• **WHAT TO PRODUCE**
Check every line below, and copy those that include "unfolding".

• **DATA LISTING**
lemma zero_nhd_diff_add_subset:
  fixes S :: "'g::topological_ab_group_add set"
  assumes "open S" "0 \<in> S"
  obtains V where "open V" "0 \<in> V" "\<And>a b c. a \<in> V \<Longrightarrow> b \<in> V \<Longrightarrow> c \<in> V \<Longrightarrow> a - b + c \<in> S"
proof -
  let ?f = "\<lambda>(a, b, c). a - b + c :: 'g"
  have "open (?f -` S)"
    using assms(1) by (intro open_vimage) (auto simp: case_prod_unfold intro!: continuous_intros)
  moreover have "(0, 0, 0) \<in> ?f -` S" using assms(2) by simp
  ultimately obtain A B where AB: "open A" "open B" "(0, 0, 0) \<in> A \<times> B" "A \<times> B \<subseteq> ?f -` S"
    by (rule open_prod_elim)
  have "(0, 0) \<in> B" using AB(3) by simp
  then obtain C D where CD: "open C" "open D" "(0, 0) \<in> C \<times> D" "C \<times> D \<subseteq> B"
    by (rule open_prod_elim[OF AB(2)])
  show ?thesis
  proof (rule that[of "A \<inter> C \<inter> D"])
    show "open (A \<inter> C \<inter> D)" using AB(1) CD(1,2) by (intro open_Int)
    show "0 \<in> A \<inter> C \<inter> D" using AB(3) CD(3) by simp
    fix a b c assume "a \<in> A \<inter> C \<inter> D" "b \<in> A \<inter> C \<inter> D" "c \<in> A \<inter> C \<inter> D"
    then have "(a, b, c) \<in> A \<times> B" using CD(4) by blast
    then show "a - b + c \<in> S" using AB(4) by auto
  qed
qed

lemma zero_nhd_precompact:
  assumes "locally_compact_space (euclidean :: 'g::{zero, topological_space} topology)"
  obtains V C where "open V" "(0::'g) \<in> V" "compact C" "V \<subseteq> C"
proof -
  have "\<exists>V C. open V \<and> compact C \<and> (0::'g) \<in> V \<and> V \<subseteq> C"
    using assms unfolding locally_compact_space_def by simp
  then obtain V C where "open V" "compact C" "(0::'g) \<in> V" "V \<subseteq> C" by blast
  then show ?thesis by (intro that)
qed

lemma zero_nhd_precompact_diff_add_subset:
  fixes S :: "'g::topological_ab_group_add set"
  assumes "locally_compact_space (euclidean :: 'g topology)" "open S" "0 \<in> S"
  obtains V C where "open V" "0 \<in> V" "compact C" "V \<subseteq> C"
    "\<And>a b c. a \<in> V \<Longrightarrow> b \<in> V \<Longrightarrow> c \<in> V \<Longrightarrow> a - b + c \<in> S"
proof -
  obtain V where V: "open V" "0 \<in> V" "\<And>a b c. a \<in> V \<Longrightarrow> b \<in> V \<Longrightarrow> c \<in> V \<Longrightarrow> a - b + c \<in> S"
    using zero_nhd_diff_add_subset[OF assms(2,3)] by blast
  obtain U C :: "'g set" where UC: "open U" "0 \<in> U" "compact C" "U \<subseteq> C"
    using zero_nhd_precompact[OF assms(1)] by blast
  show ?thesis
  proof (rule that[of "V \<inter> U" C])
    show "open (V \<inter> U)" using V(1) UC(1) by (rule open_Int)
    show "0 \<in> V \<inter> U" using V(2) UC(2) by simp
    show "V \<inter> U \<subseteq> C" using UC(4) by blast
  qed (use UC(3) V(3) in simp_all)
qed

section \<open>Differences of a Meyer set\<close>

text \<open>Each translate \<open>A + h\<close> is \<open>W\<close>-separated, so it meets \<open>W\<close> in at most one point.\<close>
lemma uniformly_discrete_set_sum_finite_nhd:
  fixes A :: "'g::topological_ab_group_add set"
  assumes "uniformly_discrete A" "finite H"
  obtains W where "open W" "0 \<in> W" "finite (W \<inter> set_sum A H)"
proof -
  obtain V where V: "open V" "0 \<in> V" and sep: "\<forall>x\<in>A. \<forall>y\<in>A. y - x \<in> V \<longrightarrow> x = y"
    using assms(1) unfolding uniformly_discrete_def by blast
  obtain W where W: "open W" "0 \<in> W" and W_V: "\<And>a b c. a \<in> W \<Longrightarrow> b \<in> W \<Longrightarrow> c \<in> W \<Longrightarrow> a - b + c \<in> V"
    using zero_nhd_diff_add_subset[OF V] by blast
  have fin: "finite (W \<inter> (\<lambda>a. a + h) ` A)" for h
  proof (cases "W \<inter> (\<lambda>a. a + h) ` A = {}")
    case False
    then obtain z where z: "z \<in> W \<inter> (\<lambda>a. a + h) ` A" by blast
    have "z' = z" if z': "z' \<in> W \<inter> (\<lambda>a. a + h) ` A" for z'
    proof -
      obtain a a' where a: "a \<in> A" "a' \<in> A" and "z = a + h" "z' = a' + h" using z z' by blast
      moreover have "z' - z + 0 \<in> V" using W_V z z' W(2) by blast
      ultimately have "a' - a \<in> V" by simp
      then have "a = a'" using sep a by blast
      then show "z' = z" using \<open>z = a + h\<close> \<open>z' = a' + h\<close> by simp
    qed
    then have "W \<inter> (\<lambda>a. a + h) ` A \<subseteq> {z}" by blast
    then show ?thesis by (rule finite_subset) simp
  qed simp
  have "W \<inter> set_sum A H \<subseteq> (\<Union>h\<in>H. W \<inter> (\<lambda>a. a + h) ` A)"
    unfolding set_sum_def by blast
  then have "finite (W \<inter> set_sum A H)"
    using finite_UN_I[OF assms(2) fin] by (rule finite_subset)
  with W show ?thesis by (rule that)
qed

• **TASK SOLUTION**
    using assms unfolding locally_compact_space_def by simp
    using assms(1) unfolding uniformly_discrete_def by blast
    unfolding set_sum_def by blast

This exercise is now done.